## Exercise prompt
Copy nothing from the entries below except the lines from the one containing "(row per thread)\<close>" through the one containing "slot to copy\<close>", and copy those exactly.

## Working data

:::::

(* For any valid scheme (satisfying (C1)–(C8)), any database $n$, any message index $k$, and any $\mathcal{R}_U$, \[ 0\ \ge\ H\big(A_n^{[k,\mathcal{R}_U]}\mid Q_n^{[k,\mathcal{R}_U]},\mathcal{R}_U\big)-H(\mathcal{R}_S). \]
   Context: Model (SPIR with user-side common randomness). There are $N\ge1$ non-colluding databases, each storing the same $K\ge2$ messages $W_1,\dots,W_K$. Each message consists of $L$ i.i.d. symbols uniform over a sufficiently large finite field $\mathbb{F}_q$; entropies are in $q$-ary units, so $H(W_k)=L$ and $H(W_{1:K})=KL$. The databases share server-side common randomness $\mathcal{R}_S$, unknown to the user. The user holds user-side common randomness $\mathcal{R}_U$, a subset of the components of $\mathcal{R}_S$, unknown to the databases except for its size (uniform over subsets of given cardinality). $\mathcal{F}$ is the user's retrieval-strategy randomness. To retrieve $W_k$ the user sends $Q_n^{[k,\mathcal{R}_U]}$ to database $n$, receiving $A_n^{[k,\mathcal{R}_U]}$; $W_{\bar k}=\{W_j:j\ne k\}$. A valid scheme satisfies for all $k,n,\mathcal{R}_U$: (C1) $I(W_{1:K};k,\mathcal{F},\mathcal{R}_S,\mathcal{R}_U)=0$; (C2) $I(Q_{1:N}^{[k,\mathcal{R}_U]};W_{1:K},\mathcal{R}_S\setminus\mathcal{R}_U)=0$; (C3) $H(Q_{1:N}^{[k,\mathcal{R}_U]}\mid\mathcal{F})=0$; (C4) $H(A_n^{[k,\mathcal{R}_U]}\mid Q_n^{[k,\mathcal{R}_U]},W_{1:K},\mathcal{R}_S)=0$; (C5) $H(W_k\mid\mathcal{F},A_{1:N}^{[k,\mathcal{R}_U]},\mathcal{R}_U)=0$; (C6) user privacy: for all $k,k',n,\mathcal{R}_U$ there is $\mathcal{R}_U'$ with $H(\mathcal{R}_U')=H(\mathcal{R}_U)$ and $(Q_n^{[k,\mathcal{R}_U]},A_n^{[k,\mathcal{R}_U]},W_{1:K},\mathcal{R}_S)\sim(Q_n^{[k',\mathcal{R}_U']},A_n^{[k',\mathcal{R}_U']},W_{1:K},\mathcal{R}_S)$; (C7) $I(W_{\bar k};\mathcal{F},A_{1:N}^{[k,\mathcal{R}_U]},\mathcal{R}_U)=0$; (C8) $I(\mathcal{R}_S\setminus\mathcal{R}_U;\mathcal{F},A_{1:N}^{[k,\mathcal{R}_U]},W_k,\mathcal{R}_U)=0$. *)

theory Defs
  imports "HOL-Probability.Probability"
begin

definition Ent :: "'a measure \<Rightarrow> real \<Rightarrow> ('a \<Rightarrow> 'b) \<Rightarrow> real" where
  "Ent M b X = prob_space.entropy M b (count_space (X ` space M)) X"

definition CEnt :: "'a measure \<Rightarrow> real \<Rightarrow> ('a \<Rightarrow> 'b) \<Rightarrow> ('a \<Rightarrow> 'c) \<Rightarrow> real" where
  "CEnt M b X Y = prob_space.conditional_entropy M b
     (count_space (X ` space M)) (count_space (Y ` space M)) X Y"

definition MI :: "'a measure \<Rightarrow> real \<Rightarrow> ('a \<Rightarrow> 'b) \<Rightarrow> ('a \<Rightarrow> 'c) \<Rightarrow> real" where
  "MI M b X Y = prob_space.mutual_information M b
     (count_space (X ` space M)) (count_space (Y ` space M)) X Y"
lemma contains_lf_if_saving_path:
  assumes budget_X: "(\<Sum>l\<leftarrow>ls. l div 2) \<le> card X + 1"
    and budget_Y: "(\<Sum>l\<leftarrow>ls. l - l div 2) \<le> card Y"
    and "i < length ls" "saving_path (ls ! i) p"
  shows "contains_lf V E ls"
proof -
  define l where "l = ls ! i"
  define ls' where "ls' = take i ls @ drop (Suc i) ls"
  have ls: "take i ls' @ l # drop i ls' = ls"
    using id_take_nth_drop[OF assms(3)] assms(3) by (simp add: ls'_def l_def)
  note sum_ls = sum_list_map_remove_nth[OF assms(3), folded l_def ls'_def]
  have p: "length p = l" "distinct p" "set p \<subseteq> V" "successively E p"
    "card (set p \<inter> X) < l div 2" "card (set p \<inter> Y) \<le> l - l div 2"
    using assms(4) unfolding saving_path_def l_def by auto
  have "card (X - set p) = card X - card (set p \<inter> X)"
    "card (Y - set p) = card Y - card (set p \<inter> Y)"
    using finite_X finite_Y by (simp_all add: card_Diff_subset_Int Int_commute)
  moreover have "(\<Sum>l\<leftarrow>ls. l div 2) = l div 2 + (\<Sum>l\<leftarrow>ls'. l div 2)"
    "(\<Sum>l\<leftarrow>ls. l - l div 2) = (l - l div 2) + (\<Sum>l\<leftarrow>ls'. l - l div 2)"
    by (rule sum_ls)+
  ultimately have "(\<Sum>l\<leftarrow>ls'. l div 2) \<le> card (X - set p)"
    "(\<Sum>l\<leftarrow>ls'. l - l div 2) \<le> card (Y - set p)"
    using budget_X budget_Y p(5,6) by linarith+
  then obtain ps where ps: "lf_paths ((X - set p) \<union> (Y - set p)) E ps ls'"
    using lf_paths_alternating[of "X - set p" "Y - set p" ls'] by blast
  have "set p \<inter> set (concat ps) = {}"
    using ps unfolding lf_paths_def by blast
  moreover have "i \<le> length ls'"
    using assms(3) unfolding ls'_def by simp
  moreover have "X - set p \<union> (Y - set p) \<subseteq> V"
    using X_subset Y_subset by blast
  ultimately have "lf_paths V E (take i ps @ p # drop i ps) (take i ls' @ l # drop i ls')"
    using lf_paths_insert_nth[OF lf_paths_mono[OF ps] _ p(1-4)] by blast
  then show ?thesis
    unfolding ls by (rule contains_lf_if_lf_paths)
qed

:::::

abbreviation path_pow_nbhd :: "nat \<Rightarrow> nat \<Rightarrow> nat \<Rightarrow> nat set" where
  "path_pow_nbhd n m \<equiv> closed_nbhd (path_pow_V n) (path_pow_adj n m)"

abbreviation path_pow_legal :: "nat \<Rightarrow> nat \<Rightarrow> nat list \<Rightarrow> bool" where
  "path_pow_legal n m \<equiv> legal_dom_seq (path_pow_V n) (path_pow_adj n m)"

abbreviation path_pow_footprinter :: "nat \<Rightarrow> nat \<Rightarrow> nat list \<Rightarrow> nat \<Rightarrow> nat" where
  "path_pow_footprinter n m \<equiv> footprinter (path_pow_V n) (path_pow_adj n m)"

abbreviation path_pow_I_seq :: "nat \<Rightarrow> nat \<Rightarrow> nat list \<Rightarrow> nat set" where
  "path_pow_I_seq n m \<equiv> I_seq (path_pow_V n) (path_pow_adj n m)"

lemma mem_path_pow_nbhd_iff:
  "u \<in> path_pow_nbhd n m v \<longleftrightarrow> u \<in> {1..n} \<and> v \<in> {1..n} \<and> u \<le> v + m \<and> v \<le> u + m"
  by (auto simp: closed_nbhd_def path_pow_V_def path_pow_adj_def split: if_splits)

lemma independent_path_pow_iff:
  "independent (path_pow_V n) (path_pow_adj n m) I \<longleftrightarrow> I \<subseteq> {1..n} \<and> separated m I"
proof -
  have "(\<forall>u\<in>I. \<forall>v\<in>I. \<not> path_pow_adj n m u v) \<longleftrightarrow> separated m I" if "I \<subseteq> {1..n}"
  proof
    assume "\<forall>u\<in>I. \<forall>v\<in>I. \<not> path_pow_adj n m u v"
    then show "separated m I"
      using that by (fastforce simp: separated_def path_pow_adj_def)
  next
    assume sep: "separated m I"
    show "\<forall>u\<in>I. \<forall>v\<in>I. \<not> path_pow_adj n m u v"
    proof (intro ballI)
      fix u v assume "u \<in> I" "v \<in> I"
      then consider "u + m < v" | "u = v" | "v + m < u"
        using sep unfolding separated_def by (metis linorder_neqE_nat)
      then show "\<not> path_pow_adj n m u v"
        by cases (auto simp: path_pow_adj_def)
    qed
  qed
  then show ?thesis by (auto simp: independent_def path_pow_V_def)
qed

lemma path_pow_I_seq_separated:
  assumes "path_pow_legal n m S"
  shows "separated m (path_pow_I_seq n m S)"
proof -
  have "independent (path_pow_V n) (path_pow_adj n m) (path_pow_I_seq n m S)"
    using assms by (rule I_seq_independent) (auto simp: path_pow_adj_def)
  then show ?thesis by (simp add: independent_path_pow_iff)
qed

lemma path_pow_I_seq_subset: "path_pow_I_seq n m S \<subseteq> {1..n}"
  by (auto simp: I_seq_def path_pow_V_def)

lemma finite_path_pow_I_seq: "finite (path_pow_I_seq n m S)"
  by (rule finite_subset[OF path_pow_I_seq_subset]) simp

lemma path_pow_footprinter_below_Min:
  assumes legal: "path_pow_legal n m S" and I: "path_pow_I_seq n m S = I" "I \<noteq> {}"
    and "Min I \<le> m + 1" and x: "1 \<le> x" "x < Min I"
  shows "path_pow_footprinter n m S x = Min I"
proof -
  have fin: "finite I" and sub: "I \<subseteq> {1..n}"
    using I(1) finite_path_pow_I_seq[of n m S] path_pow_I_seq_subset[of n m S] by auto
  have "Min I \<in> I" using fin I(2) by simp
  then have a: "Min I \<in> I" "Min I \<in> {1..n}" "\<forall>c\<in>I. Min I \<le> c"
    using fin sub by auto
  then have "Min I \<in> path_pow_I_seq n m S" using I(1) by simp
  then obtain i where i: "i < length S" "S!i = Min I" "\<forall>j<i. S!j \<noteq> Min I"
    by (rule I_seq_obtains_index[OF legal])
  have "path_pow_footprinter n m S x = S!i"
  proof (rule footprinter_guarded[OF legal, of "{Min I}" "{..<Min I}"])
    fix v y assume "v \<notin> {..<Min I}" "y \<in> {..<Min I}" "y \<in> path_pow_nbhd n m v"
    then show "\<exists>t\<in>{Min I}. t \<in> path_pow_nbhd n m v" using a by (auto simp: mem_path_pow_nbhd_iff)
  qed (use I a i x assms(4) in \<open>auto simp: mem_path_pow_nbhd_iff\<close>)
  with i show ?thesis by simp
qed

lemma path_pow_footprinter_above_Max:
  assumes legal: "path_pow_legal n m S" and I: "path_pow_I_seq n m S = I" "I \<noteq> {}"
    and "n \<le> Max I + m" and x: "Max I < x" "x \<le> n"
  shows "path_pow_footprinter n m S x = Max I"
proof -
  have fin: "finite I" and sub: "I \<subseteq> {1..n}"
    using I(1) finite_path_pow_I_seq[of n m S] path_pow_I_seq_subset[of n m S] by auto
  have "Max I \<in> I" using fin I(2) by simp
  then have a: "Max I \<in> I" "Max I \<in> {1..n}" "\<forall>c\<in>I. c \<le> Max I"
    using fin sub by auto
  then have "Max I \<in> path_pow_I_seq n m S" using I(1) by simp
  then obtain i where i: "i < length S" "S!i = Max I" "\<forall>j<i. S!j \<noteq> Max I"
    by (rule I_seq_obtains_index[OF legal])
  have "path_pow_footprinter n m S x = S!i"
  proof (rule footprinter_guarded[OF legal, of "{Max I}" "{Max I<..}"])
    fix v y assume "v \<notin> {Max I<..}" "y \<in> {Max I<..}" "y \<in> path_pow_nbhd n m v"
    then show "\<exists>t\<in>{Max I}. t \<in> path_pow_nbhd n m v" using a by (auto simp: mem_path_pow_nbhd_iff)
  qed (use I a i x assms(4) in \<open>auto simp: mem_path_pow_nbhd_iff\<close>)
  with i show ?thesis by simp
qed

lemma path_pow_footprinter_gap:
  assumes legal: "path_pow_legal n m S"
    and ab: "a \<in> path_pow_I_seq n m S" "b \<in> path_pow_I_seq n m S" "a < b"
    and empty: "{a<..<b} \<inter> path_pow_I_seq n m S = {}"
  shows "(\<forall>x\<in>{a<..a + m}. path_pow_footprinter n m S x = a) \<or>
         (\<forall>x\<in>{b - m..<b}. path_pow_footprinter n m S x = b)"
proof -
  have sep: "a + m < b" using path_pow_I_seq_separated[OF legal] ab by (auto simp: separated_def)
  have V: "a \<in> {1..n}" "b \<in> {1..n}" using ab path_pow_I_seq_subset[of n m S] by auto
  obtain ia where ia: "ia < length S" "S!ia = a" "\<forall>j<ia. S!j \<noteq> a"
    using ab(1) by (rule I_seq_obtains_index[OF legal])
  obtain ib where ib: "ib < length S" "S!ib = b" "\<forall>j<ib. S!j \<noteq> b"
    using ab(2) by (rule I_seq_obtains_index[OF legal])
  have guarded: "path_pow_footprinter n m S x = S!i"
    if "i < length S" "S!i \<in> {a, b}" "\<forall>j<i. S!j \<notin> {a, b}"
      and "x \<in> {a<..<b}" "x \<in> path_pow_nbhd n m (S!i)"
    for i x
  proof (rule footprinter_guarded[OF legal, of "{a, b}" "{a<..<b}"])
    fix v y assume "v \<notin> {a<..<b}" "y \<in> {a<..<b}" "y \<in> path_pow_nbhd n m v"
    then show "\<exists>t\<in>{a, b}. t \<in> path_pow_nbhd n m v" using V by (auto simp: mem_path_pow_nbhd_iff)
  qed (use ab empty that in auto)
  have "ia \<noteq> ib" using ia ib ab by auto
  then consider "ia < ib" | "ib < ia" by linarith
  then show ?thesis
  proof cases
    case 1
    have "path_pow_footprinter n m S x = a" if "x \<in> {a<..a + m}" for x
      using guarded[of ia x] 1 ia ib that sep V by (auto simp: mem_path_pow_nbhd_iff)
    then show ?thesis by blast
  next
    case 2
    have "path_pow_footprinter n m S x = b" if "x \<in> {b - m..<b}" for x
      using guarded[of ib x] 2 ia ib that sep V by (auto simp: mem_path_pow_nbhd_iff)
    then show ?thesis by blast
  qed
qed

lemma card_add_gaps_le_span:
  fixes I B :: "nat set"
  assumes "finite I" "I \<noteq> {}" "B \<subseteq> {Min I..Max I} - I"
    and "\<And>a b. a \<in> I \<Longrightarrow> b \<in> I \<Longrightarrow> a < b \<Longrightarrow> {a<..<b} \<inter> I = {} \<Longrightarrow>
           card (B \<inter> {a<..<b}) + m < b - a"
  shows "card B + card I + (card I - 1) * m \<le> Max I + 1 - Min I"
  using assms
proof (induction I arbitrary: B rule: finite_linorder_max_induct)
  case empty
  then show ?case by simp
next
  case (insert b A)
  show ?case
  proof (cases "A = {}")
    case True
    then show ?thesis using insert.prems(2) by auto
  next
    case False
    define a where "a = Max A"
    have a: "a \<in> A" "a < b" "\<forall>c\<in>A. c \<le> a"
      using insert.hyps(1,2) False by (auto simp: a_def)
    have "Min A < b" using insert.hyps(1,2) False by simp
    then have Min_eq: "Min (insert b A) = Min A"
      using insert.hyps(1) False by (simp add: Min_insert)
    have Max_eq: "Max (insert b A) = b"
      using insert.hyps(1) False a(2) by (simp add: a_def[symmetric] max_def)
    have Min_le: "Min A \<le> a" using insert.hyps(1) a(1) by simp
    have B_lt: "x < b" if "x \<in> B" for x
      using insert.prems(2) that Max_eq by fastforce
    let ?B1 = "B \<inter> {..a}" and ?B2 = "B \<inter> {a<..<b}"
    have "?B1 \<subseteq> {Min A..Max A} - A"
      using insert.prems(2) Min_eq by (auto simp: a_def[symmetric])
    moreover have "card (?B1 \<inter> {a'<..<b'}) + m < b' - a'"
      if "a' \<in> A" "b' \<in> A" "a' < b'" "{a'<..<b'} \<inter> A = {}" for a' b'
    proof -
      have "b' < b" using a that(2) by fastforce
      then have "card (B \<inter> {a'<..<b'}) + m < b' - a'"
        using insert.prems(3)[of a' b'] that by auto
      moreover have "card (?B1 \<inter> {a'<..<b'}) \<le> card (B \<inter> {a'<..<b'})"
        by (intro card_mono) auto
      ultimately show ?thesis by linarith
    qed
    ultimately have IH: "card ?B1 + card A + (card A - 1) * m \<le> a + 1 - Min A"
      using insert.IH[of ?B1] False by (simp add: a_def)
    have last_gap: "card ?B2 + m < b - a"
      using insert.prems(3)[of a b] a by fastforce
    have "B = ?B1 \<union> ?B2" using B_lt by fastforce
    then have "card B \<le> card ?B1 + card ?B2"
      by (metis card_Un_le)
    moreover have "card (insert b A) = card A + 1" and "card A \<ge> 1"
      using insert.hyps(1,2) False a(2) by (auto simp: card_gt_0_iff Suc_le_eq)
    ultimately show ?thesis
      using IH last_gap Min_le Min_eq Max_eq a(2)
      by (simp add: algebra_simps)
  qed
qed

:::::

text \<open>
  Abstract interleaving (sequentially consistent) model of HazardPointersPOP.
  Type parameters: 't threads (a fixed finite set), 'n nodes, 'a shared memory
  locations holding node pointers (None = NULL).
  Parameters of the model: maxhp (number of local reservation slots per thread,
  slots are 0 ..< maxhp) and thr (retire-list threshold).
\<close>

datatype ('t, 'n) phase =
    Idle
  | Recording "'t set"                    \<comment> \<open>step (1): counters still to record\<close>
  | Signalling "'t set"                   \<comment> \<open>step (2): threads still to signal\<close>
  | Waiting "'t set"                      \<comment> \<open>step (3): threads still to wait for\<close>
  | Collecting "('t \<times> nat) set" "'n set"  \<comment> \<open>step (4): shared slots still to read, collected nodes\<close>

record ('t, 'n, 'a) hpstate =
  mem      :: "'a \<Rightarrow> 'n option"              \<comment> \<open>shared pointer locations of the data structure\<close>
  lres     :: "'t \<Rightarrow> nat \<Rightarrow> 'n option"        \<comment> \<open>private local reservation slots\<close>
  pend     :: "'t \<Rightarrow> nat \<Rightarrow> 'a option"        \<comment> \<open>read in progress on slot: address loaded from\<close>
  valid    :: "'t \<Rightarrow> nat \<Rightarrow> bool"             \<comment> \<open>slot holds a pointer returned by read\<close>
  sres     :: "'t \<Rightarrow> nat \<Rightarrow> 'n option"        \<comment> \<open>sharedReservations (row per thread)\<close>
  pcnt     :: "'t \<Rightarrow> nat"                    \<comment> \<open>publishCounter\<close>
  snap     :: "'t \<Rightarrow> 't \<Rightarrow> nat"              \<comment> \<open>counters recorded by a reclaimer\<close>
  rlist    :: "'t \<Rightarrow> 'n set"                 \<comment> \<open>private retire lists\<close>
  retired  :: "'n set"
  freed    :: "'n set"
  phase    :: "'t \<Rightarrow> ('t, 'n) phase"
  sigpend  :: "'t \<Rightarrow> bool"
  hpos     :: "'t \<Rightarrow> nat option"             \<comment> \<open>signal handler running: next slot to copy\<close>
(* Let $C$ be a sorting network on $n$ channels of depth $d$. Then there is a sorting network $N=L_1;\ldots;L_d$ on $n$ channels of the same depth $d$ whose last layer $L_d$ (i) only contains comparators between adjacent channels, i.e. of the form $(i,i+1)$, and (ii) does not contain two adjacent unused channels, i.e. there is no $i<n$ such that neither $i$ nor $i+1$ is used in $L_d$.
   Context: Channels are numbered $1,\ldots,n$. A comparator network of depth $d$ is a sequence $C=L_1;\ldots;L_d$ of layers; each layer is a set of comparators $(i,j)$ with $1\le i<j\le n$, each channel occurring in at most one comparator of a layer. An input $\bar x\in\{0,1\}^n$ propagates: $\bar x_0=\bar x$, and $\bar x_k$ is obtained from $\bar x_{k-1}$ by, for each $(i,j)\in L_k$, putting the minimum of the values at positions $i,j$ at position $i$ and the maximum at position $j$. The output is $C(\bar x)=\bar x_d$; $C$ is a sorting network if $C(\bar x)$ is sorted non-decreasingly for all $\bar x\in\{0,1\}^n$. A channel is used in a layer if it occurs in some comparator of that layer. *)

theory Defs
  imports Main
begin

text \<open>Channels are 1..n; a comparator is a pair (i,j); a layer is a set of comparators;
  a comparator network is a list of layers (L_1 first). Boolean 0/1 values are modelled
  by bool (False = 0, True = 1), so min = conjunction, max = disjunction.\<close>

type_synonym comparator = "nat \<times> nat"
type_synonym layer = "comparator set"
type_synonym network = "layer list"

:::::

## Final answer
  sres     :: "'t \<Rightarrow> nat \<Rightarrow> 'n option"        \<comment> \<open>sharedReservations (row per thread)\<close>
  pcnt     :: "'t \<Rightarrow> nat"                    \<comment> \<open>publishCounter\<close>
  snap     :: "'t \<Rightarrow> 't \<Rightarrow> nat"              \<comment> \<open>counters recorded by a reclaimer\<close>
  rlist    :: "'t \<Rightarrow> 'n set"                 \<comment> \<open>private retire lists\<close>
  retired  :: "'n set"
  freed    :: "'n set"
  phase    :: "'t \<Rightarrow> ('t, 'n) phase"
  sigpend  :: "'t \<Rightarrow> bool"
  hpos     :: "'t \<Rightarrow> nat option"             \<comment> \<open>signal handler running: next slot to copy\<close>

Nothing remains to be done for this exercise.